Dataframes using tidyfun
to store functional observations can be manipulated using tools from dplyr
, including select
and filter
:
chf_df %>%
select(id, day, activity) %>%
filter(day == "Mon") %>%
ggplot(aes(y = activity)) +
geom_spaghetti(alpha = .05)
## Warning: Unknown or uninitialised column: `flipped_aes`.
## Warning: Unknown or uninitialised column: `flipped_aes`.
Operations using group_by
and summarize
are allowed:
chf_df %>%
group_by(day) %>%
summarize(mean_act = mean(activity)) %>%
ggplot(aes(y = mean_act, color = day)) +
geom_spaghetti()
## `summarise()` ungrouping output (override with `.groups` argument)
## Warning: Unknown or uninitialised column: `flipped_aes`.
## Warning: Unknown or uninitialised column: `flipped_aes`.
One can mutate
functional observations – here we exponentiate the log activity counts to obtain original recordings:
chf_df %>%
mutate(exp_act = exp(activity)) %>%
ggplot(aes(y = exp_act)) +
geom_spaghetti(alpha = .05)
## Warning: Unknown or uninitialised column: `flipped_aes`.
## Warning: Unknown or uninitialised column: `flipped_aes`.
Some dplyr
functions are most useful in conjunction with new functions in tidyfun
. For example, one might use filter
with tf_anywhere
to filter based on the values of observed functions:
chf_df %>%
filter(tf_anywhere(activity, value > 9)) %>%
ggplot(aes(y = activity)) +
geom_spaghetti()
## Warning: Unknown or uninitialised column: `flipped_aes`.

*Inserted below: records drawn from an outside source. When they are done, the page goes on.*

lemma has_real_derivative_arcsin_sin_divide:
  fixes \<kappa> \<psi> :: real
  assumes "\<bar>sin \<psi>\<bar> < \<kappa>"
  shows "((\<lambda>\<psi>. arcsin (sin \<psi> / \<kappa>)) has_real_derivative cos \<psi> / sqrt (\<kappa>\<^sup>2 - sin \<psi> ^ 2)) (at \<psi>)"
proof -
  have "\<kappa> > 0" using assms by linarith
  have "- 1 < sin \<psi> / \<kappa>" "sin \<psi> / \<kappa> < 1"
    using assms \<open>\<kappa> > 0\<close> by (auto simp: field_simps abs_less_iff)
  then have "((\<lambda>\<psi>. arcsin (sin \<psi> / \<kappa>)) has_real_derivative
      inverse (sqrt (1 - (sin \<psi> / \<kappa>)\<^sup>2)) * (cos \<psi> / \<kappa>)) (at \<psi>)"
    using DERIV_chain2[OF DERIV_arcsin DERIV_cdivide[OF DERIV_sin]] by blast
  moreover have "inverse (sqrt (1 - (sin \<psi> / \<kappa>)\<^sup>2)) * (cos \<psi> / \<kappa>) =
      cos \<psi> / (\<kappa> * sqrt (1 - (sin \<psi> / \<kappa>)\<^sup>2))"
    by (simp add: divide_inverse inverse_mult_distrib ac_simps del: real_sqrt_inverse)
  moreover have "\<kappa> * sqrt (1 - (sin \<psi> / \<kappa>)\<^sup>2) = sqrt (\<kappa>\<^sup>2 - sin \<psi> ^ 2)"
  proof -
    have "\<kappa>\<^sup>2 * (1 - (sin \<psi> / \<kappa>)\<^sup>2) = \<kappa>\<^sup>2 - sin \<psi> ^ 2"
      using \<open>\<kappa> > 0\<close> by (simp add: field_simps)
    then show ?thesis
      using \<open>\<kappa> > 0\<close> by (metis real_sqrt_mult real_sqrt_abs abs_of_pos)
  qed
  ultimately show ?thesis
    by (simp only:)
qed

lemma has_integral_arcsin_substitution:
  fixes h :: "real \<Rightarrow> real" and \<alpha> :: real
  assumes "0 < \<alpha>" "\<alpha> < pi / 2" and cont: "continuous_on {0..sin \<alpha>} h"
  shows "((\<lambda>\<psi>. h (sin \<psi>) * cos \<psi> / sqrt (sin \<alpha> ^ 2 - sin \<psi> ^ 2)) has_integral
      integral {0..pi/2} (\<lambda>\<theta>. h (sin \<alpha> * sin \<theta>))) {0..\<alpha>}"
proof -
  define \<kappa> where "\<kappa> = sin \<alpha>"
  have "\<kappa> > 0"
    unfolding \<kappa>_def using assms by (intro sin_gt_zero) auto
  define \<theta> where "\<theta> \<psi> = arcsin (sin \<psi> / \<kappa>)" for \<psi>
  have sin_bounds: "0 \<le> sin \<psi> / \<kappa> \<and> sin \<psi> / \<kappa> \<le> 1" if "\<psi> \<in> {0..\<alpha>}" for \<psi>
    using that assms \<open>\<kappa> > 0\<close>
    by (auto simp: \<kappa>_def intro!: divide_nonneg_pos sin_ge_zero sin_monotone_2pi_le)
  have \<theta>_ends: "\<theta> 0 = 0" "\<theta> \<alpha> = pi / 2"
    using \<open>\<kappa> > 0\<close> by (simp_all add: \<theta>_def \<kappa>_def)
  (* the derivative of \<theta> blows up at \<alpha>, so the substitution rule is used with the endpoints as
     exceptional points; it needs only continuity of \<theta> there *)
  have "((\<lambda>\<psi>. (cos \<psi> / sqrt (\<kappa>\<^sup>2 - sin \<psi> ^ 2)) *\<^sub>R h (\<kappa> * sin (\<theta> \<psi>))) has_integral
      integral {\<theta> 0..\<theta> \<alpha>} (\<lambda>\<theta>. h (\<kappa> * sin \<theta>))) {0..\<alpha>}"
  proof (rule has_integral_substitution_strong[of "{0, \<alpha>}" 0 \<alpha> \<theta> 0 "pi / 2"
        "\<lambda>\<theta>. h (\<kappa> * sin \<theta>)" "\<lambda>\<psi>. cos \<psi> / sqrt (\<kappa>\<^sup>2 - sin \<psi> ^ 2)"])
    show "\<theta> ` {0..\<alpha>} \<subseteq> {0..pi/2}"
      using sin_bounds arcsin_le_arcsin[of 0] arcsin_ubound by (force simp: \<theta>_def)
    show "continuous_on {0..pi/2} (\<lambda>\<theta>. h (\<kappa> * sin \<theta>))"
      using \<open>\<kappa> > 0\<close> by (intro continuous_on_compose2[OF cont] continuous_intros)
        (auto simp: \<kappa>_def sin_ge_zero mult_left_le)
    show "continuous_on {0..\<alpha>} \<theta>"
      unfolding \<theta>_def using sin_bounds \<open>\<kappa> > 0\<close> by (intro continuous_intros) force+
    show "(\<theta> has_real_derivative cos \<psi> / sqrt (\<kappa>\<^sup>2 - sin \<psi> ^ 2)) (at \<psi> within {0..\<alpha>})"
      if "\<psi> \<in> {0..\<alpha>} - {0, \<alpha>}" for \<psi>
    proof -
      have "0 < sin \<psi>" "sin \<psi> < \<kappa>"
        using that assms by (auto simp: \<kappa>_def intro!: sin_gt_zero sin_monotone_2pi)
      then show ?thesis
        unfolding \<theta>_def
        by (intro has_field_derivative_at_within[OF has_real_derivative_arcsin_sin_divide]) simp
    qed
  qed (use assms \<theta>_ends in auto)
  then show ?thesis
    unfolding \<kappa>_def[symmetric] \<theta>_ends
  proof (rule has_integral_eq[rotated])
    fix \<psi> assume "\<psi> \<in> {0..\<alpha>}"
    then have "\<kappa> * sin (\<theta> \<psi>) = sin \<psi>"
      using sin_bounds[of \<psi>] \<open>\<kappa> > 0\<close> by (simp add: \<theta>_def)
    then show "(cos \<psi> / sqrt (\<kappa>\<^sup>2 - sin \<psi> ^ 2)) *\<^sub>R h (\<kappa> * sin (\<theta> \<psi>)) =
        h (sin \<psi>) * cos \<psi> / sqrt (\<kappa>\<^sup>2 - sin \<psi> ^ 2)"
      by simp
  qed
qed
definition expectile :: "'a measure \<Rightarrow> ('a \<Rightarrow> real) \<Rightarrow> real \<Rightarrow> real" where
  "expectile M X \<tau> = (THE t. \<tau> * (\<integral>x. max (X x - t) 0 \<partial>M)
                              = (1 - \<tau>) * (\<integral>x. max (t - X x) 0 \<partial>M))"

definition expectile_skewness :: "'a measure \<Rightarrow> ('a \<Rightarrow> real) \<Rightarrow> real \<Rightarrow> real" where
  "expectile_skewness M X \<alpha> =
     (expectile M X (1 - \<alpha>) + expectile M X \<alpha> - 2 * (\<integral>x. X x \<partial>M))
     / (expectile M X (1 - \<alpha>) - expectile M X \<alpha>)"

end

theory Submission
  imports Defs
begin

text \<open>For the partial moments \<open>F t = E(X - t)\<^sub>+\<close> and \<open>G t = E(t - X)\<^sub>+\<close> one has \<open>F - G = \<mu> - t\<close>, so the
  expectile equations for \<open>a = e(\<alpha>)\<close> and \<open>b = e(1 - \<alpha>)\<close> give
  \<open>(1 - \<alpha>)(\<mu> - a) = (1 - 2\<alpha>) F a\<close> and \<open>\<alpha>(b - \<mu>) = (1 - 2\<alpha>) F b\<close>. Hence
  \<open>s\<^sub>2(\<alpha>) = (1 - 2\<alpha>)(1 - 2 (F a - F b)/(b - a))\<close>. For non-degenerate \<open>X\<close> we have
  \<open>a < \<mu> < b\<close>, and then \<open>0 < F a - F b < b - a\<close> strictly, which is the two-sided bound.
  For a Bernoulli(\<open>p\<close>) variable the expectiles lie in \<open>[0,1]\<close>, where \<open>F\<close> is affine
  with slope \<open>-p\<close>, so
  \<open>s\<^sub>2(\<alpha>) = (1 - 2\<alpha>)(1 - 2p)\<close>, which sweeps out the whole open interval.\<close>

locale finite_mean_rv = prob_space M for M :: "'a measure" +
  fixes X :: "'a \<Rightarrow> real"
  assumes integrable_X: "integrable M X"
begin

definition upper_pm :: "real \<Rightarrow> real" where
  "upper_pm t = (\<integral>x. max (X x - t) 0 \<partial>M)"

definition lower_pm :: "real \<Rightarrow> real" where
  "lower_pm t = (\<integral>x. max (t - X x) 0 \<partial>M)"

definition expectile_ident :: "real \<Rightarrow> real \<Rightarrow> real" where
  "expectile_ident \<tau> t = \<tau> * upper_pm t - (1 - \<tau>) * lower_pm t"

lemma integrable_upper_pm_integrand: "integrable M (\<lambda>x. max (X x - t) 0)"
  using integrable_X by (intro integrable_max) auto

lemma integrable_lower_pm_integrand: "integrable M (\<lambda>x. max (t - X x) 0)"
  using integrable_X by (intro integrable_max) auto

lemma upper_pm_minus_lower_pm: "upper_pm t - lower_pm t = expectation X - t"
proof -
  have "upper_pm t - lower_pm t = (\<integral>x. max (X x - t) 0 - max (t - X x) 0 \<partial>M)"
    unfolding upper_pm_def lower_pm_def
    using integrable_upper_pm_integrand integrable_lower_pm_integrand by simp
  also have "\<dots> = (\<integral>x. X x - t \<partial>M)"
    by (rule Bochner_Integration.integral_cong) auto
  also have "\<dots> = expectation X - t"
    using integrable_X by (simp add: prob_space)
  finally show ?thesis .
qed

lemma upper_pm_nonneg: "0 \<le> upper_pm t"
  unfolding upper_pm_def by (rule integral_nonneg_AE) simp

lemma lower_pm_nonneg: "0 \<le> lower_pm t"
  unfolding lower_pm_def by (rule integral_nonneg_AE) simp

lemma upper_pm_antimono: "s \<le> t \<Longrightarrow> upper_pm t \<le> upper_pm s"
  unfolding upper_pm_def
  by (rule integral_mono[OF integrable_upper_pm_integrand integrable_upper_pm_integrand]) auto

lemma lower_pm_mono: "s \<le> t \<Longrightarrow> lower_pm s \<le> lower_pm t"
  unfolding lower_pm_def
  by (rule integral_mono[OF integrable_lower_pm_integrand integrable_lower_pm_integrand]) auto

lemma upper_pm_strict_antimono:
  assumes "s < t" and "s < expectation X"
  shows "upper_pm t < upper_pm s"
proof (rule ccontr)
  assume "\<not> upper_pm t < upper_pm s"
  then have "(\<integral>x. max (X x - s) 0 - max (X x - t) 0 \<partial>M) = 0"
    using upper_pm_antimono[of s t] assms(1) integrable_upper_pm_integrand
    unfolding upper_pm_def by simp
  then have "AE x in M. max (X x - s) 0 - max (X x - t) 0 = 0"
    using integral_nonneg_eq_0_iff_AE[of M "\<lambda>x. max (X x - s) 0 - max (X x - t) 0"]
      integrable_upper_pm_integrand assms(1) by auto
  then have "AE x in M. X x \<le> s"
    by (rule eventually_mono) (use assms(1) in \<open>auto simp: max_def split: if_splits\<close>)
  then have "expectation X \<le> expectation (\<lambda>_. s)"
    using integrable_X by (intro integral_mono_AE) auto
  then show False
    using assms(2) by (simp add: prob_space)
qed

lemma lower_pm_strict_mono:
  assumes "s < t" and "expectation X < t"
  shows "lower_pm s < lower_pm t"
proof (rule ccontr)
  assume "\<not> lower_pm s < lower_pm t"
  then have "(\<integral>x. max (t - X x) 0 - max (s - X x) 0 \<partial>M) = 0"
    using lower_pm_mono[of s t] assms(1) integrable_lower_pm_integrand
    unfolding lower_pm_def by simp
  then have "AE x in M. max (t - X x) 0 - max (s - X x) 0 = 0"
    using integral_nonneg_eq_0_iff_AE[of M "\<lambda>x. max (t - X x) 0 - max (s - X x) 0"]
      integrable_lower_pm_integrand assms(1) by auto
  then have "AE x in M. t \<le> X x"
    by (rule eventually_mono) (use assms(1) in \<open>auto simp: max_def split: if_splits\<close>)
  then have "expectation (\<lambda>_. t) \<le> expectation X"
    using integrable_X by (intro integral_mono_AE) auto
  then show False
    using assms(2) by (simp add: prob_space)
qed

## Warning: Unknown or uninitialised column: `flipped_aes`.
One can add smoothed versions of existing observations using mutate
and tf_smooth
:
chf_df %>%
filter(id == 1) %>%
mutate(smooth_act = tf_smooth(activity)) %>%
ggplot(aes(y = smooth_act)) +
geom_spaghetti()
## using f = 0.15 as smoother span for lowess
## Warning: Unknown or uninitialised column: `flipped_aes`.
## Warning: Unknown or uninitialised column: `flipped_aes`.
One can also extract observations over a subset of the full domain using mutate
and tf_zoom
:
chf_df %>%
filter(id == 1) %>%
mutate(daytime_act = tf_zoom(activity, 360, 1200)) %>%
ggplot(aes(y = daytime_act)) +
geom_spaghetti()
## Warning: Unknown or uninitialised column: `flipped_aes`.
## Warning: Unknown or uninitialised column: `flipped_aes`.
In general, EDA for functional data using tidyverse
tools is now possible, and is often most powerful when paired with new functions in tidyfun
.
We’ve seen both plot
and geom_spaghetti
to aid in understanding some content to this point – base R for tf
vectors, ggplot
for tidy data. You can use more advanced options and combine with data wrangling steps.
You can use facetting:
chf_df %>%
filter(day %in% c("Mon", "Sun")) %>%
ggplot(aes(y = activity, color = gender)) +
geom_spaghetti(alpha = .1) +
facet_grid(gender ~ day)
## Warning: Unknown or uninitialised column: `flipped_aes`.
## Warning: Unknown or uninitialised column: `flipped_aes`.
Together with data manipulation tools, the integration with ggplot
can produce useful exploratory analyses. Note that this plot also introduces geom_meatballs()
:
chf_df %>%
group_by(gender, day) %>%
summarize(mean_act = mean(activity)) %>%
mutate(smooth_mean = tfb(mean_act)) %>%
filter(day %in% c("Mon", "Sun")) %>%
ggplot(aes(y = smooth_mean, color = gender)) +
geom_spaghetti(size = 1.25, alpha = 1) +
geom_meatballs(aes(y = mean_act), alpha = .1) +
facet_grid(~ day)
## `summarise()` regrouping output by 'gender' (override with `.groups` argument)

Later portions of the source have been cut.